┌────────

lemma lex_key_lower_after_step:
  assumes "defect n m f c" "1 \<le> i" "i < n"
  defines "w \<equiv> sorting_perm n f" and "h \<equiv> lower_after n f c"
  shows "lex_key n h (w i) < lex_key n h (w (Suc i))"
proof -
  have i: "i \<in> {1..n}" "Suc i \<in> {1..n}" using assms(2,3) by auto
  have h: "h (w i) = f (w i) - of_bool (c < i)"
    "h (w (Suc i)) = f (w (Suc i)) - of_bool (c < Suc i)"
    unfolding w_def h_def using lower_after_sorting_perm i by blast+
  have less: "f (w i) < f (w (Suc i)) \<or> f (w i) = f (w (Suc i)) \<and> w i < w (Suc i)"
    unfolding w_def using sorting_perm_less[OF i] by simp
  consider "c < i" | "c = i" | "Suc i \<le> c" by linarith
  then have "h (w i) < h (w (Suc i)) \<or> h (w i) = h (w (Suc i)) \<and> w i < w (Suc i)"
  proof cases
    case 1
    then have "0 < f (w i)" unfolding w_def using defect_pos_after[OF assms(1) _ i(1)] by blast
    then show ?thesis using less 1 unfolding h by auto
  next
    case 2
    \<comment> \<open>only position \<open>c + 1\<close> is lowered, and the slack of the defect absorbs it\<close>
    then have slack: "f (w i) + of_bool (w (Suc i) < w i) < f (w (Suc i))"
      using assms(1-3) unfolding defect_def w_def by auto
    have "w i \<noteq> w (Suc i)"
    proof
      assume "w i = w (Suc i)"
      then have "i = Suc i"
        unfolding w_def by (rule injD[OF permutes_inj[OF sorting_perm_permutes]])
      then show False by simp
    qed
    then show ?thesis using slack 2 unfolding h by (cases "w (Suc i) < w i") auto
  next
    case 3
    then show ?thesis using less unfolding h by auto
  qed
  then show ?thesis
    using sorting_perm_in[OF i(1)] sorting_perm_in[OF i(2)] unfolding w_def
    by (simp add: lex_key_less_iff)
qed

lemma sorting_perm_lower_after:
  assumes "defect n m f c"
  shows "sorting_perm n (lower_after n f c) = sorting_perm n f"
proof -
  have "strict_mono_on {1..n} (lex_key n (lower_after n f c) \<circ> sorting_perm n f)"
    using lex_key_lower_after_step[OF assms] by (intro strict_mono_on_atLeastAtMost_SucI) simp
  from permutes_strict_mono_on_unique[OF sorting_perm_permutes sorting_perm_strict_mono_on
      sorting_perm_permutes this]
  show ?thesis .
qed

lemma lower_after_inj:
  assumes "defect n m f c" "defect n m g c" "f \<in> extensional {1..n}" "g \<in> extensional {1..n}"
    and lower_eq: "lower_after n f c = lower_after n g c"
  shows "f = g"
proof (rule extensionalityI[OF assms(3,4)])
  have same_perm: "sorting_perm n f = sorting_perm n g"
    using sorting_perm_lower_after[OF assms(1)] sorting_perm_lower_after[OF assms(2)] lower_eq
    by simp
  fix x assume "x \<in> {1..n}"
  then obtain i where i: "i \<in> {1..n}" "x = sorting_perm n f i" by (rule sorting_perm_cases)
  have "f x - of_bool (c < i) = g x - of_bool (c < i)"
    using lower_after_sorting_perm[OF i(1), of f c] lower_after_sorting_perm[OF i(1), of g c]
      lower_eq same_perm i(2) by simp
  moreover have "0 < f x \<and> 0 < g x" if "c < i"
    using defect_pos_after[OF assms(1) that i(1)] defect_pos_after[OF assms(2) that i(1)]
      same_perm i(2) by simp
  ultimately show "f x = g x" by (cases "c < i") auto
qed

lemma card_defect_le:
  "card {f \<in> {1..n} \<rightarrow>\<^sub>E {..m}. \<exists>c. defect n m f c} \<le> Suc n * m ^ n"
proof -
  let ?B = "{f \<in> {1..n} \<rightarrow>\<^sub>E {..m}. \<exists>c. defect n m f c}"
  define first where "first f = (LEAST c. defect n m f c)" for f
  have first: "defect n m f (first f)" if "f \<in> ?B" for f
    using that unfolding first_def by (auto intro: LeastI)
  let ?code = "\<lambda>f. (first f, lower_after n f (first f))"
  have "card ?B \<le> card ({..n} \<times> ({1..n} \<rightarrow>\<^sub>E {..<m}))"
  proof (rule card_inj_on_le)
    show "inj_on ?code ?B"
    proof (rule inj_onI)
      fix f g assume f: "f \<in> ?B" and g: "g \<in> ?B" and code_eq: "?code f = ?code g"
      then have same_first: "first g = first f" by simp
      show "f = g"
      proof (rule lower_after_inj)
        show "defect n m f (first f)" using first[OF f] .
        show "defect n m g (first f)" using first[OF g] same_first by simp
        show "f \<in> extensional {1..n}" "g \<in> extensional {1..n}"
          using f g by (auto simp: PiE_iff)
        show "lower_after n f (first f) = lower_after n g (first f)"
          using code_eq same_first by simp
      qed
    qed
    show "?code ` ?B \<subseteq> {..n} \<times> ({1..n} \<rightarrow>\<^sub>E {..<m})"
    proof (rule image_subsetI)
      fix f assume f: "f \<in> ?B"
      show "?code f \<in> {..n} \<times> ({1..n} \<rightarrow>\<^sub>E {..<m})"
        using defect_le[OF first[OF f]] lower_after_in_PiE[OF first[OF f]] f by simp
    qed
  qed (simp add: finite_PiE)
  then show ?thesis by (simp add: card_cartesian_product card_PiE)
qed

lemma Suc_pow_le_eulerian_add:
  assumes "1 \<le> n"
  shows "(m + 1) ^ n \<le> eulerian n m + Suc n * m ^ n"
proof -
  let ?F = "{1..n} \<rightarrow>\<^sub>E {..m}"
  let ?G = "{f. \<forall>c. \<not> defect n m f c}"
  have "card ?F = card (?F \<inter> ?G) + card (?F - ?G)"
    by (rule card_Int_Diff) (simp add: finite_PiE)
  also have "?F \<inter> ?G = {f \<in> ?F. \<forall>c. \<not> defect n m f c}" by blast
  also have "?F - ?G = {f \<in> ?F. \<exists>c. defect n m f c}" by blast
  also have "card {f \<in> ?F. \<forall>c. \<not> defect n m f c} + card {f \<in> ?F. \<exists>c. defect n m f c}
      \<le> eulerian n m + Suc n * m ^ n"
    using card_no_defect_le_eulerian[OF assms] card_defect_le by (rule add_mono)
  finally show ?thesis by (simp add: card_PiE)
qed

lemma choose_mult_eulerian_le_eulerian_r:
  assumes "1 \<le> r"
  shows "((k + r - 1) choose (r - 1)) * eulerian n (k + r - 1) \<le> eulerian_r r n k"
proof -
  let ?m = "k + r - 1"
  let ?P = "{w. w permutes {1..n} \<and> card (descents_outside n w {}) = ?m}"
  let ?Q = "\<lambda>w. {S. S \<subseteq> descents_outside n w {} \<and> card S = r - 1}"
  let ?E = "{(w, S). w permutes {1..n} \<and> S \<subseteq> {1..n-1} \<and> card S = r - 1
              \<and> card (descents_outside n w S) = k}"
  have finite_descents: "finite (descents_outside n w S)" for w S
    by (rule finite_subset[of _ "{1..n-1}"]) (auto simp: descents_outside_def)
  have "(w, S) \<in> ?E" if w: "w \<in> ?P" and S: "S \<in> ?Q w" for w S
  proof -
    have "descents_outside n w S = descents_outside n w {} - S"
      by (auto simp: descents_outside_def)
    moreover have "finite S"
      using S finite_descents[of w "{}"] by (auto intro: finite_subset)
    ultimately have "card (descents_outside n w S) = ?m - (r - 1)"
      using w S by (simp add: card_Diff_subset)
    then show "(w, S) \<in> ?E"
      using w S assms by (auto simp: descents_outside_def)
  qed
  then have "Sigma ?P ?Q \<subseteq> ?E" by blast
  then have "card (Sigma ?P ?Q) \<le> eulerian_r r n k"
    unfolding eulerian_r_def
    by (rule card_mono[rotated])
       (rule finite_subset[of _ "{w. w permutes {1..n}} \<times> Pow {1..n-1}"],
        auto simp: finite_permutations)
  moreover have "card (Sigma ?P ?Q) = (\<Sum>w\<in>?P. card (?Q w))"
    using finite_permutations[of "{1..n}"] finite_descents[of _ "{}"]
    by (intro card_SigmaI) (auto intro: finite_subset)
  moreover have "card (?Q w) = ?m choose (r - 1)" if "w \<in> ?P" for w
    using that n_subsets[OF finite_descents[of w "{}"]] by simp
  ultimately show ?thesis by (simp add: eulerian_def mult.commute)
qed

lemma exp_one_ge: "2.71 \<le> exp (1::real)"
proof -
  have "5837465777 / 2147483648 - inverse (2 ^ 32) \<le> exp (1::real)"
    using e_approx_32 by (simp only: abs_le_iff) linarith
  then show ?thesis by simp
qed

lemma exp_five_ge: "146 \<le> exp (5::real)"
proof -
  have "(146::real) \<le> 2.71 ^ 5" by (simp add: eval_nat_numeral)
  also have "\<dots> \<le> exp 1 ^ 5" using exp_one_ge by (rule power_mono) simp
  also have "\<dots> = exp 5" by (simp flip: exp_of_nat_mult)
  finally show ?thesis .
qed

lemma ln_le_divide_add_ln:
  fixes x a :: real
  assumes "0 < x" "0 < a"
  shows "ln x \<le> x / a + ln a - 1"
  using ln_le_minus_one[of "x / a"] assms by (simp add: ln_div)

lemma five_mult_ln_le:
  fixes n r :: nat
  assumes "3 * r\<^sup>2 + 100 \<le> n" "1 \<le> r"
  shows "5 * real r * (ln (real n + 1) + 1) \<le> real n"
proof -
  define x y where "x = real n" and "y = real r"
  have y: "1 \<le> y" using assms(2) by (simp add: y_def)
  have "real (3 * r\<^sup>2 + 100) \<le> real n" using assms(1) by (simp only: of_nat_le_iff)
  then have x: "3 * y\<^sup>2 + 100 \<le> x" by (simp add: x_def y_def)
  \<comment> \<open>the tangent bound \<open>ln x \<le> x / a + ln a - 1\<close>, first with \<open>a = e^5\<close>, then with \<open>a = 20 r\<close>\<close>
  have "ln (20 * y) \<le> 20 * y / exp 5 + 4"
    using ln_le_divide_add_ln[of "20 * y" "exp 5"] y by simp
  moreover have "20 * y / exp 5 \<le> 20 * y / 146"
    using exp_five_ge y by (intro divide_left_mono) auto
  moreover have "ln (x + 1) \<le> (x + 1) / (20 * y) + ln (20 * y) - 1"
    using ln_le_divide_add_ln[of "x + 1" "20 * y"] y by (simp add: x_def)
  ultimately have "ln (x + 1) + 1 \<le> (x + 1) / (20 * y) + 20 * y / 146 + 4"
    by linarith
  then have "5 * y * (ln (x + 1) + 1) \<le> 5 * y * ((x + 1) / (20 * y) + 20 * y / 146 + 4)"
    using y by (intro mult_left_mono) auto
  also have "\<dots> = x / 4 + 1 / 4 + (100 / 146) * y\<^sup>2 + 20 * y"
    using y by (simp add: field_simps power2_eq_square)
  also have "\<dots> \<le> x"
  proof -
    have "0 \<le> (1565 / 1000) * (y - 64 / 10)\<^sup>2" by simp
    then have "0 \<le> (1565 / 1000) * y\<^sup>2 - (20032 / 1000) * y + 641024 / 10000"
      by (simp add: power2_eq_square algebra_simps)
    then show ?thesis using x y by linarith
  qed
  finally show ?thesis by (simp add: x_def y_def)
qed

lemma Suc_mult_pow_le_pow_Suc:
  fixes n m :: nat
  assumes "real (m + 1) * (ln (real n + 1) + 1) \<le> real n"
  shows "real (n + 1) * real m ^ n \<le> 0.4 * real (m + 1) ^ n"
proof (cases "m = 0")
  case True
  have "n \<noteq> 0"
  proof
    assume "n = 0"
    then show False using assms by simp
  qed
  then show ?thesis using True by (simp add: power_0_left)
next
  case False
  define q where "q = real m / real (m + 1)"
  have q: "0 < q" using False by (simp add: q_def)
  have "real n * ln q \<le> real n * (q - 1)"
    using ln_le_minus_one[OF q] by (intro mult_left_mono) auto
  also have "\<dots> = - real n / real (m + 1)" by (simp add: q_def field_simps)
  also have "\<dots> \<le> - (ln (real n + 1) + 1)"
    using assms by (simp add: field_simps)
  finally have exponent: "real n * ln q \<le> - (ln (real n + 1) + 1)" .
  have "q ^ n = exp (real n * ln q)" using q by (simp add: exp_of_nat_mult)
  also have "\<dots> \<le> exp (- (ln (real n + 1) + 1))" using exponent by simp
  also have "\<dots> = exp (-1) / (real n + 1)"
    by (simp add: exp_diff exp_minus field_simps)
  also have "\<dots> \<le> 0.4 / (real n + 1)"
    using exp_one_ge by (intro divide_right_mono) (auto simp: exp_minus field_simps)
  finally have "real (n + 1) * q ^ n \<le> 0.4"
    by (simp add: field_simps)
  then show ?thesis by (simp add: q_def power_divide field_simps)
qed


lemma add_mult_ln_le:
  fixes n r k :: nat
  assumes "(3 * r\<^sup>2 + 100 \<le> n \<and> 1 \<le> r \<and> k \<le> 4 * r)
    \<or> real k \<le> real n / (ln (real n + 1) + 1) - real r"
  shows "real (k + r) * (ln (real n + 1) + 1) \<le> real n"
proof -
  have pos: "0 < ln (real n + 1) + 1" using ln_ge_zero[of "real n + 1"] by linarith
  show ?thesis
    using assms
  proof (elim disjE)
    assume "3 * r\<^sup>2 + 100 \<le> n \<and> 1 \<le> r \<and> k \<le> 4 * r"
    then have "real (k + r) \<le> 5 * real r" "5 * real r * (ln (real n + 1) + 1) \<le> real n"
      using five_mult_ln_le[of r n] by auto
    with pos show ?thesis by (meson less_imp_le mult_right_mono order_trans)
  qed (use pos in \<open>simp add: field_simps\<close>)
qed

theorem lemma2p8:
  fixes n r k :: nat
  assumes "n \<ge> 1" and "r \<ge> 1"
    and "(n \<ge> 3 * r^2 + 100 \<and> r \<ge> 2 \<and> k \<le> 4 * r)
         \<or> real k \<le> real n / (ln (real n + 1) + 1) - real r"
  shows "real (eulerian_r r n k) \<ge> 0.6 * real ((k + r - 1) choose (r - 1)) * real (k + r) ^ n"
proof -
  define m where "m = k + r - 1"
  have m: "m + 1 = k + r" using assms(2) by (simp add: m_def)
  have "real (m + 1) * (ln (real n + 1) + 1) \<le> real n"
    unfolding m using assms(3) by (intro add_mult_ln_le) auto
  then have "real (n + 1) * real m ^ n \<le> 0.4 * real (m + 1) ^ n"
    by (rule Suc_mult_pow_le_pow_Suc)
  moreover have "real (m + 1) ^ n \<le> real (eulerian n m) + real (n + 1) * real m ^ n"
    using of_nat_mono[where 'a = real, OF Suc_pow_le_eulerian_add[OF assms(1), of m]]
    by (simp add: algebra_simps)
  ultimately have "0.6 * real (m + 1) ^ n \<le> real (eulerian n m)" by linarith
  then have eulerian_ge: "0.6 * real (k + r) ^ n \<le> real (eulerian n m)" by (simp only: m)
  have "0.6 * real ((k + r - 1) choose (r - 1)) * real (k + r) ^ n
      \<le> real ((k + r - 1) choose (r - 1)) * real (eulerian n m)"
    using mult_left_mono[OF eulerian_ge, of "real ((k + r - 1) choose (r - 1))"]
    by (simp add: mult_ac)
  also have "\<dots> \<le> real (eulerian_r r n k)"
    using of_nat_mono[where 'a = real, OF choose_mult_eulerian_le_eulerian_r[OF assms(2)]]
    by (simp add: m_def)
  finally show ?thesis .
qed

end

└────────
┌────────

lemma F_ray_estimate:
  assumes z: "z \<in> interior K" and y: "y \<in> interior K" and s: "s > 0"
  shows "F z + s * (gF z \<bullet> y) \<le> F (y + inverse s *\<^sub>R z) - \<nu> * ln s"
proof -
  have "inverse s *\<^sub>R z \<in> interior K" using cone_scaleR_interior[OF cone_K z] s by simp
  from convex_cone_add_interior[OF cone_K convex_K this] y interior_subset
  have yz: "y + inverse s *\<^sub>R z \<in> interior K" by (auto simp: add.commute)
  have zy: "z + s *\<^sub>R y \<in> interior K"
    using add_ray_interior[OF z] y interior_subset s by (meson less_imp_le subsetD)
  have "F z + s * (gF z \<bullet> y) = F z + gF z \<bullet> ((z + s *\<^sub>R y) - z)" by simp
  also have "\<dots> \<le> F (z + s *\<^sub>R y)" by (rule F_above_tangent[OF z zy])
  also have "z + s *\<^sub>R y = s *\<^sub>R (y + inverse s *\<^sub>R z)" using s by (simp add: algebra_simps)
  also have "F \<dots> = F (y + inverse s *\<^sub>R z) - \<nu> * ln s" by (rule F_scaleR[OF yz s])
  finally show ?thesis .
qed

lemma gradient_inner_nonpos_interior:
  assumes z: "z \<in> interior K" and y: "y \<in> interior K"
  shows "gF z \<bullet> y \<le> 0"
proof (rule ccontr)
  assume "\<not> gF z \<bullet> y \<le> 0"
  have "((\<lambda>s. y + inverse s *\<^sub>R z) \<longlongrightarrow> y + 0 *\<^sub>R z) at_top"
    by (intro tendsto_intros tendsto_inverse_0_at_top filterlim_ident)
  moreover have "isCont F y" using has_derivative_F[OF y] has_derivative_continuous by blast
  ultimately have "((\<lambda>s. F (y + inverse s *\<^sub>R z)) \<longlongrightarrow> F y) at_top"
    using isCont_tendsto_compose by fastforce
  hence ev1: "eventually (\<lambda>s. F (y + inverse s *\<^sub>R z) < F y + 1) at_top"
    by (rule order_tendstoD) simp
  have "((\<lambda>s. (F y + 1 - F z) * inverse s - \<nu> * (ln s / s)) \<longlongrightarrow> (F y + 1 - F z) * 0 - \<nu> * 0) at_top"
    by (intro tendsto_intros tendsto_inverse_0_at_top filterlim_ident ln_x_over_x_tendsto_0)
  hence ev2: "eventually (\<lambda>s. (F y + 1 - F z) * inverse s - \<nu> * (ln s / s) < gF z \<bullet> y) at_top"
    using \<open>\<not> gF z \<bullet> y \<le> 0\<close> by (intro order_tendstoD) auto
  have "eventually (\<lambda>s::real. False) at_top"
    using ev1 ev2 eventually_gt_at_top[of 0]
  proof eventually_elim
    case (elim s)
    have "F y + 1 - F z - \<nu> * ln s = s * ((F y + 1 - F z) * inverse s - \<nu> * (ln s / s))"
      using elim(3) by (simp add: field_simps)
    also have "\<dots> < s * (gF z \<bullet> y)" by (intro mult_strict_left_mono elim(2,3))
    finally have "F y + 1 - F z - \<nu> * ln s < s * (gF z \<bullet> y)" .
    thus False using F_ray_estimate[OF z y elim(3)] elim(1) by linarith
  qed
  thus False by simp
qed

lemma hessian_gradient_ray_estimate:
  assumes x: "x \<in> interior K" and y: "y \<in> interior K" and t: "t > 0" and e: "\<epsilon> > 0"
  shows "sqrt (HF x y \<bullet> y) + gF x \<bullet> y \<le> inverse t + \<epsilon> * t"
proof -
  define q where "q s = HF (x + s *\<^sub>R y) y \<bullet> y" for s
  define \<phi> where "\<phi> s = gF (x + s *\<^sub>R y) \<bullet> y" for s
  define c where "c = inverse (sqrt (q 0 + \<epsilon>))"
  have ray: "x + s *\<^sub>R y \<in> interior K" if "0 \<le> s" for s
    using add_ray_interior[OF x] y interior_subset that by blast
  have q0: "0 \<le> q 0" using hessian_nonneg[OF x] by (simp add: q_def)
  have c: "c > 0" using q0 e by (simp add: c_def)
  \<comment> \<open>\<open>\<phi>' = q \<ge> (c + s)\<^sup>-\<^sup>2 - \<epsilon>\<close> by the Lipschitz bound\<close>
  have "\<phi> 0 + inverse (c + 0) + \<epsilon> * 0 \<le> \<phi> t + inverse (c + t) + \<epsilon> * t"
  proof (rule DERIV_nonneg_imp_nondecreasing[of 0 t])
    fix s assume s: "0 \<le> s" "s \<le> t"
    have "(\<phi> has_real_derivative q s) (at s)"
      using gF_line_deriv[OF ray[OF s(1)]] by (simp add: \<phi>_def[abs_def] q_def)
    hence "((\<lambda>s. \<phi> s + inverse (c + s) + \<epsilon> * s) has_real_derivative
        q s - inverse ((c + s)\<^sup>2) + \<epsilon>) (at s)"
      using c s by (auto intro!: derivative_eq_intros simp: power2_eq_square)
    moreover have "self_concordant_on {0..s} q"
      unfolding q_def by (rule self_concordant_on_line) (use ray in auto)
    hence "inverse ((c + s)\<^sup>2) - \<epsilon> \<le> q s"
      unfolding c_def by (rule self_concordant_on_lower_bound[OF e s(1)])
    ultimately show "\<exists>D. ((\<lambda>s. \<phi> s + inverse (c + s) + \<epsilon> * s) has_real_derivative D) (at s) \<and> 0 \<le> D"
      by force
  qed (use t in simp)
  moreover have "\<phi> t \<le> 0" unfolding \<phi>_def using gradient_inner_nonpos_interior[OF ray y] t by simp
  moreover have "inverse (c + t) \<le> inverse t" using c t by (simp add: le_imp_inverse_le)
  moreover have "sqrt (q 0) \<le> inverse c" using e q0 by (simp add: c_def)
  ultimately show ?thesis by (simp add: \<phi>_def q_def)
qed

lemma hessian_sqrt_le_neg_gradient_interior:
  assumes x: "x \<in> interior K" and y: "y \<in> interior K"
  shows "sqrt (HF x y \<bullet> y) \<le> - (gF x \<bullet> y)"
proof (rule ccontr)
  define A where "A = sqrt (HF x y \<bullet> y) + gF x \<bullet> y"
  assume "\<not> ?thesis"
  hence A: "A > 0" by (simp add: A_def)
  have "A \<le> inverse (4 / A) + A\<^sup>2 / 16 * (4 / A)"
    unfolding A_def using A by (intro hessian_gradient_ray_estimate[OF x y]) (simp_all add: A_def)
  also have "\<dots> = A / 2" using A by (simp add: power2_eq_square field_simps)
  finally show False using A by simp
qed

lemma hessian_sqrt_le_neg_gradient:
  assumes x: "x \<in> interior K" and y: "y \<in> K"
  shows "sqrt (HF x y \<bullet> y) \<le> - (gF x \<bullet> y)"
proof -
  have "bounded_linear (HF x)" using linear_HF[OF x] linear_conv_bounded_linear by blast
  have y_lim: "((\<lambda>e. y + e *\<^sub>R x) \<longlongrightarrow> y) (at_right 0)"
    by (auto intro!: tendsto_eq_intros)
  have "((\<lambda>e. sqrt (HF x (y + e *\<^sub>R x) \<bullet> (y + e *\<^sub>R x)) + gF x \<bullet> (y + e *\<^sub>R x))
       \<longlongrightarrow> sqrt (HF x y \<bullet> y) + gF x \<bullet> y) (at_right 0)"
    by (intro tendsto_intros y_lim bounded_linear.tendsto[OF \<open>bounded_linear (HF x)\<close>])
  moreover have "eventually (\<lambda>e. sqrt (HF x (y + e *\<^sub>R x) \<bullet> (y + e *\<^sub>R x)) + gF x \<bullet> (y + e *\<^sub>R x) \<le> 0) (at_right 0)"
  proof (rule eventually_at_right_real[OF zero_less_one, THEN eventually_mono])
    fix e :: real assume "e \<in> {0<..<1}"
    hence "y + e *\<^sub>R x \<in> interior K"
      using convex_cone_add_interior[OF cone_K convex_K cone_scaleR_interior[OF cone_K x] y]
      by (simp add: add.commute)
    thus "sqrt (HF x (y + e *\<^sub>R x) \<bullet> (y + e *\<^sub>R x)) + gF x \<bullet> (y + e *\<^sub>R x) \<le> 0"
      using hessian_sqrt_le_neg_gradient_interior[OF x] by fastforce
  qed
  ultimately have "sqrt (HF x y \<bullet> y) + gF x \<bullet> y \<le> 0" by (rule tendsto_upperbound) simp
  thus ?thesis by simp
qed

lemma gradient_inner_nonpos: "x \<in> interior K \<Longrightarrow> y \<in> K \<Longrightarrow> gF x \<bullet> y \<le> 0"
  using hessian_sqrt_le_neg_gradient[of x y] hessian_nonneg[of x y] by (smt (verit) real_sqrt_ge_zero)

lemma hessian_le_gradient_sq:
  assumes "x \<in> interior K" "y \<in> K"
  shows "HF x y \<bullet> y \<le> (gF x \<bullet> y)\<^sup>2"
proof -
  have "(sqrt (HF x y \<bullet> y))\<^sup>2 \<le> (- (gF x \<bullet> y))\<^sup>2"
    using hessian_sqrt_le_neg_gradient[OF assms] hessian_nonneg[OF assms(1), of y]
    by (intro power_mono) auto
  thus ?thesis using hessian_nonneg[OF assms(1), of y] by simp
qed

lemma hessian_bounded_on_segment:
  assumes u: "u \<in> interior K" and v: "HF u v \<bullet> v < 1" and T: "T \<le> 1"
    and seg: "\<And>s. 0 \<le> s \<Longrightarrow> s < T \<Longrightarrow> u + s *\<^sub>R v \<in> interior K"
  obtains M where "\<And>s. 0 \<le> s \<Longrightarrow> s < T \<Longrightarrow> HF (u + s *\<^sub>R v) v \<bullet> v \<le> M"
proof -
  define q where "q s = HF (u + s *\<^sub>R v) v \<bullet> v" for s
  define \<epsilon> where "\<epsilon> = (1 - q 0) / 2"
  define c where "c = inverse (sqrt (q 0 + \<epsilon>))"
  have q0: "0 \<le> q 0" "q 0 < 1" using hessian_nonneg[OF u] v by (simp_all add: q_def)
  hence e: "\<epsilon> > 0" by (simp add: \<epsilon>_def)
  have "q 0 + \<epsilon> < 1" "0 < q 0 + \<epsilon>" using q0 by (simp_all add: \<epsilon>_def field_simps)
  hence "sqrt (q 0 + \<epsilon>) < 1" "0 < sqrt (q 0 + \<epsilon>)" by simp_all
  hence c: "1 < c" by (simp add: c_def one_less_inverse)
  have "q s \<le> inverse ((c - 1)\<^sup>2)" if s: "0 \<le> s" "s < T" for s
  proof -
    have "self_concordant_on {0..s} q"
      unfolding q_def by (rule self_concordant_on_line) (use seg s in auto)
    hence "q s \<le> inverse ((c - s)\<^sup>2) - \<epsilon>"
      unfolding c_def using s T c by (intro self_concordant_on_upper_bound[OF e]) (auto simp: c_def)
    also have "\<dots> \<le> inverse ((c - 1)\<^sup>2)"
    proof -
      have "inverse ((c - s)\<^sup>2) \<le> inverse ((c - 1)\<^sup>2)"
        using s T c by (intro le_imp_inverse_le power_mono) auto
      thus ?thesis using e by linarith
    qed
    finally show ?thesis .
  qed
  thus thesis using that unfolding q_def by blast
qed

└────────

• Your task:
State how many lines of the listing include the word "from". Reply with the number alone.

• Your solution:
2